Assignment:
Reproduce each line of the entries that carries "fixes".

Provided records:
definition rho_rep :: "('a::euclidean_space \<Rightarrow> real) \<Rightarrow> 'a \<Rightarrow> ennreal" where
  "rho_rep f x = (if lebesgue_point f x then ennreal (Lim (at_right 0) (ball_avg f x)) else \<infinity>)"

definition rho_theta :: "('a::euclidean_space \<Rightarrow> real) \<Rightarrow> real \<Rightarrow> real \<Rightarrow> 'a \<Rightarrow> ennreal" where
  "rho_theta f \<theta>0 p x = (INF \<theta> \<in> {\<theta>0..1}. rho_rep f (\<theta> *\<^sub>R x) * ennreal (\<theta> powr (-p)))"

definition Fp :: "real \<Rightarrow> ('a::euclidean_space \<Rightarrow> 'a) \<Rightarrow> 'a \<Rightarrow> ennreal" where
  "Fp p u h = (\<integral>\<^sup>+ x. ennreal (\<bar>(u (x + h) - u x) \<bullet> (h /\<^sub>R norm h)\<bar> powr p) \<partial>lebesgue)"

definition Lp_vec :: "real \<Rightarrow> ('a::euclidean_space \<Rightarrow> 'a) set" where
  "Lp_vec p = {u. u \<in> borel_measurable lebesgue \<and>
                  (\<integral>\<^sup>+ x. ennreal (norm (u x) powr p) \<partial>lebesgue) < \<infinity>}"

definition loc_integrable :: "('a::euclidean_space \<Rightarrow> real) \<Rightarrow> bool" where
  "loc_integrable f \<longleftrightarrow> (\<forall>K. compact K \<longrightarrow> set_integrable lebesgue K f)"

definition radial_int :: "('a::euclidean_space \<Rightarrow> real) \<Rightarrow> real \<Rightarrow> real \<Rightarrow> 'a \<Rightarrow> real \<Rightarrow> ennreal" where
  "radial_int f \<theta>0 p v \<delta> =
     (\<integral>\<^sup>+ s \<in> {0<..<\<delta>}. rho_theta f \<theta>0 p (s *\<^sub>R v) * ennreal (s ^ (DIM('a) - 1)) \<partial>lborel)"

end

theory Submission
  imports Defs
begin

(*
  Write Phi(a) for the integral of |(u(x + a v) - u(x)) . v|^p over x (dir_modulus), so that
  F_p[u](a v) = Phi(a) for a > 0.  Translation invariance and convexity of |.|^p make Phi even and
  quasi-subadditive, Phi(a + b) <= 2^(p-1) (Phi(a) + Phi(b)).  Averaging
  Phi(t) <= 2^(p-1) (Phi(h + t) + Phi(h)) over h in [theta0 s, s - t], after halving t often enough,
  gives for 0 < s, t < delta and tau = (1 - theta0)/2

     tau s^(p+1) Phi(t) <= (8 delta / (1 - theta0))^p * integral of Phi over [theta0 s, s].

  Multiply by rho_theta0(s v) s^(d-1) / s^(p+1), integrate over s in (0, delta) and exchange the
  integrals.  For theta0 s <= h <= s the definition of rho_theta0 gives
  rho_theta0(s v) <= rho(h v) (h/s)^(-p), so the inner integral, over s in [h, h/theta0], is at most a
  constant times rho(h v) h^(d-1) / h^p.

  Neither rho nor rho_theta0 is known to be measurable, so the integral over s is approached by
  measurable minorants and constants leave integrals only as upper bounds.
*)

lemma nn_integral_cmult_le:
  fixes c :: ennreal
  assumes "c < top"
  shows "(\<integral>\<^sup>+ x. c * f x \<partial>M) \<le> c * integral\<^sup>N M f"
proof (cases "c = 0")
  case True
  then show ?thesis by simp
next
  case False
  show ?thesis
    unfolding nn_integral_def
  proof (rule SUP_least)
    fix g assume g: "g \<in> {g. simple_function M g \<and> g \<le> (\<lambda>x. c * f x)}"
    define g' where "g' = (\<lambda>x. g x / c)"
    have sg': "simple_function M g'" unfolding g'_def
      using g by (auto intro: simple_function_compose1[where g="\<lambda>y. y / c"])
    have g_eq: "g x = c * g' x" for x
      unfolding g'_def using False assms
      by (metis ennreal_times_divide mult.commute mult_divide_eq_ennreal top.not_eq_extremum)
    have "g' \<le> f"
    proof (rule le_funI)
      fix x
      have "g x \<le> c * f x" using g by (auto simp: le_fun_def)
      then have "g x / c \<le> c * f x / c" by (rule divide_right_mono_ennreal)
      also have "\<dots> = f x" using False assms
        by (metis mult.commute mult_divide_eq_ennreal top.not_eq_extremum)
      finally show "g' x \<le> f x" unfolding g'_def .
    qed
    have "integral\<^sup>S M g = c * integral\<^sup>S M g'"
    proof -
      have "g = (\<lambda>x. c * g' x)" using g_eq by auto
      then show ?thesis using sg' by simp
    qed
    also have "\<dots> \<le> c * (SUP g \<in> {g. simple_function M g \<and> g \<le> f}. integral\<^sup>S M g)"
      using sg' \<open>g' \<le> f\<close> by (intro mult_left_mono SUP_upper) auto
    finally show "integral\<^sup>S M g \<le> c * (SUP g \<in> {g. simple_function M g \<and> g \<le> f}. integral\<^sup>S M g)" .
  qed
qed

lemma cmult_nn_integral_le_from_measurable_minorants:
  fixes c B :: ennreal
  assumes "\<And>g. g \<in> borel_measurable M \<Longrightarrow> (\<And>x. g x \<le> f x) \<Longrightarrow> c * integral\<^sup>N M g \<le> B"
  shows "c * integral\<^sup>N M f \<le> B"
proof -
  have "c * integral\<^sup>N M f = (SUP g \<in> {g. simple_function M g \<and> g \<le> f}. c * integral\<^sup>S M g)"
    unfolding nn_integral_def by (rule SUP_mult_left_ennreal)
  also have "\<dots> \<le> B"
  proof (rule SUP_least)
    fix g assume "g \<in> {g. simple_function M g \<and> g \<le> f}"
    then have g: "simple_function M g" "\<And>x. g x \<le> f x" by (auto simp: le_fun_def)
    then have "c * integral\<^sup>N M g \<le> B"
      by (intro assms borel_measurable_simple_function)
    with g show "c * integral\<^sup>S M g \<le> B" by (simp add: nn_integral_eq_simple_integral)
  qed
  finally show ?thesis .
qed

lemma completion_ex_borel_measurable_euclidean:
  fixes u :: "'a \<Rightarrow> 'b::euclidean_space"
  assumes "u \<in> borel_measurable (completion M)"
  shows "\<exists>u'\<in>borel_measurable M. AE x in M. u x = u' x"
proof -
  have "\<exists>g\<in>borel_measurable M. AE x in M. u x \<bullet> b = g x" for b :: 'b
    using assms by (intro completion_ex_borel_measurable_real) simp
  then obtain g where g: "\<And>b. g b \<in> borel_measurable M" "\<And>b. AE x in M. u x \<bullet> b = g b x"
    by metis
  define u' where "u' x = (\<Sum>b\<in>Basis. g b x *\<^sub>R b)" for x
  have "u' \<in> borel_measurable M"
    unfolding u'_def using g(1) by measurable
  moreover have "AE x in M. \<forall>b\<in>Basis. u x \<bullet> b = g b x"
    using g(2) by (intro AE_finite_allI) auto
  then have "AE x in M. u x = u' x"
  proof eventually_elim
    case (elim x)
    then show "u x = u' x"
      unfolding u'_def by (metis (no_types, lifting) euclidean_representation sum.cong)
  qed
  ultimately show ?thesis by blast
qed

lemma nn_integral_lborel_translate:
  fixes c :: "'a::euclidean_space"
  assumes "f \<in> borel_measurable borel"
  shows "(\<integral>\<^sup>+ x. f (x + c) \<partial>lborel) = (\<integral>\<^sup>+ x. f x \<partial>lborel)"
proof -
  have "(\<integral>\<^sup>+ x. f x \<partial>lborel) = (\<integral>\<^sup>+ x. f x \<partial>distr lborel borel ((+) c))"
    by (simp add: lborel_distr_plus)
  also have "\<dots> = (\<integral>\<^sup>+ x. f (c + x) \<partial>lborel)"
    using assms by (subst nn_integral_distr) auto
  finally show ?thesis by (simp add: add.commute)
qed

lemma AE_lborel_translate:
  fixes c :: "'a::euclidean_space"
  assumes "AE x in lborel. P x"
  shows "AE x in lborel. P (x + c)"
proof -
  obtain N where N: "\<And>x. x \<in> space lborel - N \<Longrightarrow> P x" "N \<in> null_sets lborel"
    using AE_E3[OF assms] by blast
  have "{x. x - (- c) \<in> N} \<in> null_sets lborel"
    using N(2) by (rule null_sets_translation)
  then show ?thesis
    by (rule AE_I') (use N(1) in auto)
qed

lemma powr_add_le_two_powr:
  fixes a b p :: real
  assumes "0 \<le> a" "0 \<le> b" "1 \<le> p"
  shows "(a + b) powr p \<le> 2 powr (p - 1) * (a powr p + b powr p)"
proof -
  have midpoint: "((a + b) / 2) powr p \<le> (a powr p + b powr p) / 2"
  proof (cases "a = 0 \<or> b = 0")
    case True
    have "(x / 2) powr p \<le> x powr p / 2" if "0 \<le> x" for x :: real
    proof -
      have "(x / 2) powr p = x powr p / 2 powr p" using that by (simp add: powr_divide)
      also have "\<dots> \<le> x powr p / 2"
        using assms by (intro divide_left_mono) (auto intro: order_trans[OF _ powr_mono[of 1 p 2]])
      finally show ?thesis .
    qed
    with True show ?thesis using assms by auto
  next
    case False
    then have "0 < a" "0 < b" using assms by auto
    then show ?thesis
      using convex_onD[OF powr_convex[OF assms(3)], of "1/2" a b] by (simp add: field_simps)
  qed
  have "(a + b) powr p = 2 powr p * ((a + b) / 2) powr p"
    using assms by (simp add: powr_divide)
  also have "\<dots> \<le> 2 powr p * ((a powr p + b powr p) / 2)"
    by (intro mult_left_mono midpoint) auto
  also have "\<dots> = 2 powr (p - 1) * (a powr p + b powr p)"
    by (simp add: powr_diff)
  finally show ?thesis .
qed

lemma ennreal_two_powr_diff_one_mult_double:
  "ennreal (2 powr (p - 1)) * (x + x) = ennreal (2 powr p) * x"
proof -
  have "ennreal (2 powr (p - 1)) * 2 = ennreal (2 powr (p - 1) * 2)"
    using ennreal_mult[of "2 powr (p - 1)" 2] by simp
  also have "2 powr (p - 1) * 2 = 2 powr p"
    by (simp add: powr_diff)
  finally have "ennreal (2 powr (p - 1)) * 2 = ennreal (2 powr p)" .
  then show ?thesis by (metis mult.assoc mult_2)
qed

lemma ex_two_power_between:
  fixes x :: real
  assumes "0 < x"
  shows "\<exists>k::nat. x \<le> 2 ^ k \<and> 2 ^ k \<le> max 1 (2 * x)"
proof (cases "x \<le> 1")
  case True
  then show ?thesis by (intro exI[of _ 0]) auto
next
  case False
  have ex: "\<exists>k::nat. x \<le> 2 ^ k"
    using real_arch_pow[of 2 x] by (auto intro: less_imp_le)
  define k where "k = (LEAST k::nat. x \<le> 2 ^ k)"
  have k: "x \<le> 2 ^ k" unfolding k_def by (rule LeastI_ex[OF ex])
  with False obtain j where j: "k = Suc j" by (cases k) auto
  have "\<not> x \<le> 2 ^ j"
    using not_less_Least[of j "\<lambda>k. x \<le> 2 ^ k"] j k_def by auto
  with j k show ?thesis by (intro exI[of _ k]) auto
qed

lemma ex_dyadic_rescaling:
  fixes \<tau> s t \<delta> :: real
  assumes \<tau>: "0 < \<tau>" "\<tau> < 1" and s: "0 < s" "s < \<delta>" and t: "0 < t" "t < \<delta>"
  shows "\<exists>k::nat. t \<le> 2 ^ k * (\<tau> * s) \<and> 2 ^ k * s \<le> 2 * \<delta> / \<tau>"
proof -
  obtain k :: nat where k: "t / (\<tau> * s) \<le> 2 ^ k" "2 ^ k \<le> max 1 (2 * (t / (\<tau> * s)))"
    using ex_two_power_between[of "t / (\<tau> * s)"] t s \<tau> by auto
  have "t \<le> 2 ^ k * (\<tau> * s)"
    using k(1) s \<tau> by (simp add: field_simps)
  moreover have "2 ^ k * s \<le> 2 * \<delta> / \<tau>"
  proof (cases "2 ^ k \<le> (1::real)")
    case True
    then have "2 ^ k * s \<le> s" using s by (simp add: mult_le_cancel_right1)
    also have "\<dots> \<le> 2 * \<delta> / \<tau>"
    proof -
      have "\<tau> * s \<le> 1 * s" using s \<tau> by (intro mult_right_mono) auto
      then have "\<tau> * s \<le> 2 * \<delta>" using s by linarith
      then show ?thesis using \<tau> by (simp add: field_simps)
    qed
    finally show ?thesis .
  next
    case False
    with k(2) have "2 ^ k \<le> 2 * (t / (\<tau> * s))" by auto
    then have "2 ^ k * s \<le> 2 * t / \<tau>" using s \<tau> by (simp add: field_simps)
    also have "\<dots> \<le> 2 * \<delta> / \<tau>" using t \<tau> by (simp add: divide_right_mono)
    finally show ?thesis .
  qed
  ultimately show ?thesis by blast
qed

definition dir_modulus :: "real \<Rightarrow> ('a::euclidean_space \<Rightarrow> 'a) \<Rightarrow> 'a \<Rightarrow> real \<Rightarrow> ennreal" where
  "dir_modulus p u v a = (\<integral>\<^sup>+x. ennreal (\<bar>(u (x + a *\<^sub>R v) - u x) \<bullet> v\<bar> powr p) \<partial>lborel)"

lemma Fp_eq_dir_modulus:
  assumes "AE x in lborel. u x = u' x" and "norm v = 1" and "0 < a"
  shows "Fp p u (a *\<^sub>R v) = dir_modulus p u' v a"
proof -
  have "(a *\<^sub>R v) /\<^sub>R norm (a *\<^sub>R v) = v"
    using assms by simp
  then have "Fp p u (a *\<^sub>R v) = (\<integral>\<^sup>+x. ennreal (\<bar>(u (x + a *\<^sub>R v) - u x) \<bullet> v\<bar> powr p) \<partial>lborel)"
    unfolding Fp_def nn_integral_completion by simp
  also have "\<dots> = dir_modulus p u' v a"
    unfolding dir_modulus_def using assms(1) AE_lborel_translate[OF assms(1), of "a *\<^sub>R v"]
    by (intro nn_integral_cong_AE) auto
  finally show ?thesis .
qed

context
  fixes u :: "'a::euclidean_space \<Rightarrow> 'a"
  assumes u [measurable]: "u \<in> borel_measurable lborel"
begin

lemma borel_measurable_dir_modulus [measurable]: "dir_modulus p u v \<in> borel_measurable lborel"
proof -
  have "(\<lambda>(a, x). ennreal (\<bar>(u (x + a *\<^sub>R v) - u x) \<bullet> v\<bar> powr p)) \<in> borel_measurable (lborel \<Otimes>\<^sub>M lborel)"
    by measurable
  then show ?thesis
    unfolding dir_modulus_def[abs_def] by (rule lborel.borel_measurable_nn_integral)
qed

Result:
  fixes c :: ennreal
  fixes c B :: ennreal
  fixes u :: "'a \<Rightarrow> 'b::euclidean_space"
  fixes c :: "'a::euclidean_space"
  fixes c :: "'a::euclidean_space"
  fixes a b p :: real
  fixes x :: real
  fixes \<tau> s t \<delta> :: real
  fixes u :: "'a::euclidean_space \<Rightarrow> 'a"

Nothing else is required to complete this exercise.